An Alternate Explanation
While the timing of the article in the Wall Street Journal right around the time of Amarin's Q2 conference call, and the comments by ARMN during that call seem to imply a strong correlation between these events, in reality, the article from Mr. Loftus relies upon disclosures Merck made in its own Q2 SEC filings that became public on July 27. Furthermore, as the article explains:
Investor expectations for Merck's niacin-based drugs were tempered by last year's halt to a government-funded study which found that adding niacin to cholesterol-lowering drugs known as statins didn't significantly improve cardiovascular outcomes versus statins alone.
This suggests an alternate, and more mundane reason for Merck's decision to terminate the program. If combination therapy with niacin and a statin has not demonstrated clinical benefit, why should it continue spending on clinical trials?
If NCE status is granted to Amarin, the buyout rumors will likely strengthen as will expectations of the takeout price. On the other hand, if NCE status is not granted, traders will likely take profits in the absence of further confirmation of a buyout. It is also possible that AMRN management would sell shares on the next trading day as part of its 10B5-1 pre-arranged stock trading plan. If they sold upon approval, they are likely to sell upon NCE status news. We view a sale by management upon NCE status, if it happens, as neutral to the long-term outlook for Amarin as long as the amount of stock sold is less than about 5% of management's total holdings. If management sells 10% or more of its holdings in aggregate, traders would do well to follow the lead.
Buyout Timing is a Rule-Breaker
One note of caution is in order here regarding buyout speculation. It is not the norm for a biotech company to be acquired right after approval. Large pharmaceutical companies historically have either partnered or acquired early-on well before approval in cases where they have a footprint in the therapeutic space, or they have waited for a few quarters of sales numbers to confirm an approved drug's value. In Vascepa's case, the success of Lovaza from GlaxoSmithKline (GSK) is a proxy indicating that the drug has blockbuster potential. As such, traders seem to be speculating that Amarin will be a rule breaker regarding the timing of a buyout.
We generally do not place much emphasis on buyout rumors because they are easy to start and difficult to confirm. As the present case shows, there usually is an equally likely mundane explanation for a series of events that are the stuff of buyout rumor. On the other hand, since it is well known that Amarin's management is open to a buyout, and since anti-triglyceride drugs have achieved blockbuster status in the past, the possibility of a buyout cannot be ignored.
Prior to Vascepa's approval, we recommended that those who were not already in AMRN should wait for a buying opportunity after approval.
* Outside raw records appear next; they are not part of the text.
definition zero_ext :: "(real \<Rightarrow> real) \<Rightarrow> real \<Rightarrow> real" where
  "zero_ext f x = indicator {0..1} x * f x"

definition push_conv :: "(real \<Rightarrow> real) \<Rightarrow> (real \<Rightarrow> real) \<Rightarrow> (real \<Rightarrow> real) \<Rightarrow> real \<Rightarrow> real" where
  "push_conv Tr k H z = (\<integral>y. k (z - Tr y) * H y \<partial>lborel)"

text \<open>The sum over \<open>\<int>\<close> in \<open>transfer\<close>, truncated to a finite index set \<open>S\<close>; for kernels
  of compact support only finitely many terms are nonzero.\<close>
definition fold_transfer ::
    "(real \<Rightarrow> real) \<Rightarrow> int set \<Rightarrow> (real \<Rightarrow> real) \<Rightarrow> (real \<Rightarrow> real) \<Rightarrow> real \<Rightarrow> real" where
  "fold_transfer Tr S k H x = indicator {0..1} x *
     (\<Sum>i\<in>S. push_conv Tr k H (2 * of_int i + x) + push_conv Tr k H (2 * of_int i - x))"

lemma bounded_kernel_measurable:
  "bounded_kernel k \<Longrightarrow> k \<in> borel_measurable borel"
  unfolding bounded_kernel_def by blast

lemma bounded_kernel_integrable:
  assumes "bounded_kernel k" shows "integrable lborel k"
proof -
  obtain B R where "\<And>x. \<bar>k x\<bar> \<le> B" "\<And>x. \<bar>x\<bar> > R \<Longrightarrow> k x = 0"
    using assms unfolding bounded_kernel_def by blast
  with bounded_kernel_measurable[OF assms] show ?thesis
    by (intro integrableI_bounded_set[where A="{-R..R}" and B=B])
       (auto simp: not_less emeasure_lborel_Icc_eq)
qed

lemma bounded_kernel_diff:
  assumes "bounded_kernel k1" "bounded_kernel k2"
  shows "bounded_kernel (\<lambda>x. k1 x - k2 x)"
proof -
  obtain B1 R1 B2 R2 where B: "\<And>x. \<bar>k1 x\<bar> \<le> B1" "\<And>x. \<bar>k2 x\<bar> \<le> B2"
    and R: "\<And>x. \<bar>x\<bar> > R1 \<Longrightarrow> k1 x = 0" "\<And>x. \<bar>x\<bar> > R2 \<Longrightarrow> k2 x = 0"
    using assms unfolding bounded_kernel_def by blast
  have "\<forall>x. \<bar>k1 x - k2 x\<bar> \<le> B1 + B2" using B abs_triangle_ineq4 order_trans add_mono by metis
  moreover have "\<forall>x. \<bar>x\<bar> > max R1 R2 \<longrightarrow> k1 x - k2 x = 0" using R by auto
  moreover have "(\<lambda>x. k1 x - k2 x) \<in> borel_measurable borel"
    using assms by (intro borel_measurable_diff bounded_kernel_measurable)
  ultimately show ?thesis unfolding bounded_kernel_def by blast
qed

lemma noise_kernel_bounded_kernel:
  assumes "noise_kernel \<rho>" shows "bounded_kernel \<rho>"
proof -
  have "integrable lborel \<rho>"
    using assms unfolding noise_kernel_def using not_integrable_integral_eq by fastforce
  then have "\<rho> \<in> borel_measurable borel" by (simp add: borel_measurable_integrable)
  moreover obtain B where B: "\<And>(n::nat) xs. (\<forall>k<n. xs k \<le> xs (Suc k)) \<Longrightarrow>
      (\<Sum>k<n. \<bar>\<rho> (xs (Suc k)) - \<rho> (xs k)\<bar>) \<le> B"
    using assms unfolding noise_kernel_def bounded_variation_def by blast
  have "\<bar>\<rho> x\<bar> \<le> \<bar>\<rho> 0\<bar> + B" for x
  proof -
    have "(\<Sum>k<1. \<bar>\<rho> ((\<lambda>k. if k = 0 then min 0 x else max 0 x) (Suc k))
                  - \<rho> ((\<lambda>k. if k = 0 then min 0 x else max 0 x) k)\<bar>) \<le> B"
      by (rule B) auto
    then show ?thesis by (cases "0 \<le> x") (auto simp: max_def min_def)
  qed
  moreover have "\<exists>R. \<forall>x. \<bar>x\<bar> > R \<longrightarrow> \<rho> x = 0" using assms unfolding noise_kernel_def by blast
  ultimately show ?thesis unfolding bounded_kernel_def by blast
qed

lemma partition_piece_containing:
  fixes a :: "nat \<Rightarrow> real"
  assumes "a 0 = 0" "a n = 1" "0 < y" "y < 1" "y \<notin> a ` {..n}"
  obtains k where "k < n" "a k < y" "y < a (Suc k)"
proof -
  have "a m < y" if "m \<le> n" "\<not> (\<exists>k<n. a k < y \<and> y < a (Suc k))" for m
    using that
  proof (induction m)
    case (Suc m)
    then have "\<not> y < a (Suc m)" by auto
    moreover have "a (Suc m) \<noteq> y" using assms(5) Suc.prems by (metis atMost_iff image_eqI)
    ultimately show ?case by simp
  qed (use assms in simp)
  moreover have "\<not> a n < y" using assms(2,4) by simp
  ultimately show ?thesis using that by blast
qed

lemma isCont_zero_ext:
  assumes "y \<noteq> 0" "y \<noteq> 1" and "y \<in> {0<..<1} \<Longrightarrow> isCont T y"
  shows "isCont (zero_ext T) y"
proof (cases "y \<in> {0<..<1}")
  case True
  then have "eventually (\<lambda>x. x \<in> {0<..<1}) (nhds y)" by (intro eventually_nhds_in_open) auto
  then have "eventually (\<lambda>x. zero_ext T x = T x) (nhds y)"
    by eventually_elim (simp add: zero_ext_def)
  with True assms(3) show ?thesis using isCont_cong by blast
next
  case False
  with assms(1,2) have "y \<in> - {0..1}" by auto
  then have "eventually (\<lambda>x. x \<in> - {0..1}) (nhds y)" by (intro eventually_nhds_in_open) auto
  then have "eventually (\<lambda>x. zero_ext T x = 0) (nhds y)"
    by eventually_elim (simp add: zero_ext_def)
  then show ?thesis using isCont_cong[of "zero_ext T" "\<lambda>_. 0"] by simp
qed

lemma piecewise_smooth_maps_unit:
  "piecewise_smooth T \<Longrightarrow> y \<in> {0..1} \<Longrightarrow> T y \<in> {0..1}"
  unfolding piecewise_smooth_def by blast

lemma piecewise_smooth_zero_ext_measurable:
  assumes "piecewise_smooth T" shows "zero_ext T \<in> borel_measurable borel"
proof -
  obtain n a where a: "a 0 = (0::real)" "a n = 1"
    and C2: "\<forall>k<n. C2_on {a k<..<a (Suc k)} T"
    using assms unfolding piecewise_smooth_def by (elim conjE exE) blast
  have "isCont (zero_ext T) y" if y: "y \<notin> a ` {..n}" for y
  proof (rule isCont_zero_ext)
    show "y \<noteq> 0" using a(1) y by (metis atMost_iff image_eqI le0)
    show "y \<noteq> 1" using a(2) y by (metis atMost_iff image_eqI order_refl)
    assume "y \<in> {0<..<1}"
    then obtain k where k: "k < n" "y \<in> {a k<..<a (Suc k)}"
      using partition_piece_containing[OF a _ _ y] by auto
    then show "isCont T y" using C2 k(1) unfolding C2_on_def by (meson DERIV_isCont)
  qed
  then have "continuous_on (- a ` {..n}) (zero_ext T)"
    by (intro continuous_at_imp_continuous_on) auto
  then show ?thesis by (rule borel_measurable_continuous_countable_exceptions[rotated]) simp
qed

context
  fixes k Tr :: "real \<Rightarrow> real"
  assumes k: "bounded_kernel k" and Tr [measurable]: "Tr \<in> borel_measurable borel"
begin

lemma push_conv_integrand_integrable:
  assumes "integrable lborel H"
  shows "integrable lborel (\<lambda>y. k (z - Tr y) * H y)"
proof -
  obtain B where B: "\<And>x. \<bar>k x\<bar> \<le> B" using k unfolding bounded_kernel_def by blast
  have [measurable]: "k \<in> borel_measurable borel" using k by (rule bounded_kernel_measurable)
  have [measurable]: "H \<in> borel_measurable lborel" using assms by auto
  show ?thesis
  proof (rule Bochner_Integration.integrable_bound[of lborel "\<lambda>y. B * H y"])
    show "integrable lborel (\<lambda>y. B * H y)" using assms by auto
    show "(\<lambda>y. k (z - Tr y) * H y) \<in> borel_measurable lborel" by measurable
    have "0 \<le> B" using B[of 0] by linarith
    then show "AE y in lborel. norm (k (z - Tr y) * H y) \<le> norm (B * H y)"
      using B by (intro AE_I2) (simp add: abs_mult mult_right_mono)
  qed
qed

lemma borel_measurable_push_conv:
  assumes "integrable lborel H"
  shows "push_conv Tr k H \<in> borel_measurable borel"
proof -
  have [measurable]: "k \<in> borel_measurable borel" using k by (rule bounded_kernel_measurable)
  have [measurable]: "H \<in> borel_measurable lborel" using assms by auto
  show ?thesis unfolding push_conv_def
    by (rule lborel.borel_measurable_lebesgue_integral) measurable
qed

lemma push_conv_diff:
  assumes "integrable lborel H1" "integrable lborel H2"
  shows "push_conv Tr k (\<lambda>y. H1 y - H2 y) z = push_conv Tr k H1 z - push_conv Tr k H2 z"
  using push_conv_integrand_integrable[OF assms(1)] push_conv_integrand_integrable[OF assms(2)]
  unfolding push_conv_def by (simp add: right_diff_distrib)

lemma push_conv_add:
  assumes "integrable lborel H1" "integrable lborel H2"
  shows "push_conv Tr k (\<lambda>y. H1 y + H2 y) z = push_conv Tr k H1 z + push_conv Tr k H2 z"
  using push_conv_integrand_integrable[OF assms(1)] push_conv_integrand_integrable[OF assms(2)]
  unfolding push_conv_def by (simp add: distrib_left)

lemma push_conv_cong_AE:
  assumes "integrable lborel H1" "integrable lborel H2" "AE y in lborel. H1 y = H2 y"
  shows "push_conv Tr k H1 z = push_conv Tr k H2 z"
  unfolding push_conv_def
proof (rule integral_cong_AE)
  have [measurable]: "k \<in> borel_measurable borel" using k by (rule bounded_kernel_measurable)
  have [measurable]: "H1 \<in> borel_measurable lborel" "H2 \<in> borel_measurable lborel"
    using assms(1,2) by auto
  show "(\<lambda>y. k (z - Tr y) * H1 y) \<in> borel_measurable lborel" by measurable
  show "(\<lambda>y. k (z - Tr y) * H2 y) \<in> borel_measurable lborel" by measurable
  show "AE y in lborel. k (z - Tr y) * H1 y = k (z - Tr y) * H2 y" using assms(3) by auto
qed

text \<open>Young's inequality \<open>\<parallel>k * Tr\<^sub>*H\<parallel>\<^sub>1 \<le> \<parallel>k\<parallel>\<^sub>1 \<parallel>H\<parallel>\<^sub>1\<close>, via Tonelli and translation invariance.\<close>
lemma nn_integral_push_conv_le:
  assumes "integrable lborel H"
  shows "(\<integral>\<^sup>+z. ennreal \<bar>push_conv Tr k H z\<bar> \<partial>lborel)
    \<le> (\<integral>\<^sup>+z. ennreal \<bar>k z\<bar> \<partial>lborel) * (\<integral>\<^sup>+y. ennreal \<bar>H y\<bar> \<partial>lborel)"
proof -
  have [measurable]: "k \<in> borel_measurable borel" using k by (rule bounded_kernel_measurable)
  have [measurable]: "H \<in> borel_measurable lborel" using assms by auto
  have "(\<integral>\<^sup>+z. ennreal \<bar>push_conv Tr k H z\<bar> \<partial>lborel)
      \<le> (\<integral>\<^sup>+z. (\<integral>\<^sup>+y. ennreal (\<bar>k (z - Tr y)\<bar> * \<bar>H y\<bar>) \<partial>lborel) \<partial>lborel)"
    using integral_norm_bound_ennreal[OF push_conv_integrand_integrable[OF assms]]
    by (intro nn_integral_mono) (simp add: push_conv_def abs_mult)
  also have "\<dots> = (\<integral>\<^sup>+y. (\<integral>\<^sup>+z. ennreal (\<bar>k (z - Tr y)\<bar> * \<bar>H y\<bar>) \<partial>lborel) \<partial>lborel)"
    by (rule lborel_pair.Fubini'[symmetric]) measurable
  also have "\<dots> = (\<integral>\<^sup>+y. (\<integral>\<^sup>+z. ennreal \<bar>k z\<bar> \<partial>lborel) * ennreal \<bar>H y\<bar> \<partial>lborel)"
  proof (intro nn_integral_cong)
    fix y
    have "(\<integral>\<^sup>+z. ennreal \<bar>k (z - Tr y)\<bar> \<partial>lborel) = (\<integral>\<^sup>+z. ennreal \<bar>k z\<bar> \<partial>lborel)"
      using nn_integral_real_affine[where f="\<lambda>z. ennreal \<bar>k z\<bar>" and c=1 and t="- Tr y"] by simp
    moreover have "(\<integral>\<^sup>+z. ennreal \<bar>k (z - Tr y)\<bar> * ennreal \<bar>H y\<bar> \<partial>lborel)
        = (\<integral>\<^sup>+z. ennreal \<bar>k (z - Tr y)\<bar> \<partial>lborel) * ennreal \<bar>H y\<bar>"
      by (rule nn_integral_multc) measurable
    ultimately show "(\<integral>\<^sup>+z. ennreal (\<bar>k (z - Tr y)\<bar> * \<bar>H y\<bar>) \<partial>lborel)
        = (\<integral>\<^sup>+z. ennreal \<bar>k z\<bar> \<partial>lborel) * ennreal \<bar>H y\<bar>"
      by (simp add: ennreal_mult)
  qed
  also have "\<dots> = (\<integral>\<^sup>+z. ennreal \<bar>k z\<bar> \<partial>lborel) * (\<integral>\<^sup>+y. ennreal \<bar>H y\<bar> \<partial>lborel)"
    by (rule nn_integral_cmult) measurable
  finally show ?thesis .
qed

end

lemma push_conv_kernel_diff:
  assumes "bounded_kernel k1" "bounded_kernel k2" "Tr \<in> borel_measurable borel"
    and "integrable lborel H"
  shows "push_conv Tr (\<lambda>x. k1 x - k2 x) H z = push_conv Tr k1 H z - push_conv Tr k2 H z"
  using push_conv_integrand_integrable[OF assms(1,3,4)] push_conv_integrand_integrable[OF assms(2,3,4)]
  unfolding push_conv_def by (simp add: left_diff_distrib)

lemma push_conv_eq_0:
  assumes "\<And>y. Tr y \<in> {0..1}" "\<And>x. \<bar>x\<bar> > R \<Longrightarrow> k x = 0" "\<bar>z\<bar> > R + 1"
  shows "push_conv Tr k H z = 0"
proof -
  have "k (z - Tr y) = 0" for y
  proof (rule assms(2))
    show "\<bar>z - Tr y\<bar> > R" using assms(1)[of y] assms(3) by auto
  qed
  then show ?thesis unfolding push_conv_def by simp
qed

lemma sum_indicator_spaced_intervals_le:
  fixes z c :: real and S :: "int set"
  shows "(\<Sum>i\<in>S. indicator {2 * of_int i + c .. 2 * of_int i + c + 1} z) \<le> (1::real)"
proof -
  have "(\<Sum>i\<in>S. indicator {2 * of_int i + c .. 2 * of_int i + c + 1} z)
      \<le> (\<Sum>i\<in>S. if i = \<lfloor>(z - c) / 2\<rfloor> then 1 else (0::real))"
  proof (rule sum_mono)
    fix i
    show "indicator {2 * of_int i + c .. 2 * of_int i + c + 1} z
        \<le> (if i = \<lfloor>(z - c) / 2\<rfloor> then 1 else (0::real))"
    proof (cases "z \<in> {2 * of_int i + c .. 2 * of_int i + c + 1}")
      case True
      then have "\<lfloor>(z - c) / 2\<rfloor> = i" by (subst floor_eq_iff) auto
      then show ?thesis using True by simp
    qed simp
  qed
  also have "\<dots> \<le> 1" by (cases "finite S") (auto simp: sum.delta)
  finally show ?thesis .
qed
Investors who missed the buying opportunity when Amarin dipped below $11 on August 7 should consider scaling in to a position and be ready to buy on a future dip if they are looking to speculate on a potential buyout or partnership as the go-forward plan for Vascepa.
More conservative investors may wish to wait until further confirmation of the exact go-forward plan. Amarin has indicated that it will provide more clarity on its commercialization strategy for Vascepa by October. If it ends up announcing a go-it-alone strategy for Vascepa's launch, the stock price could take a large haircut. In the long term, we see Vascepa having excellent prospects in the marketplace and Amarin's progress in expanding its IP estate builds long-term value under all three of its proposed commercialization scenarios.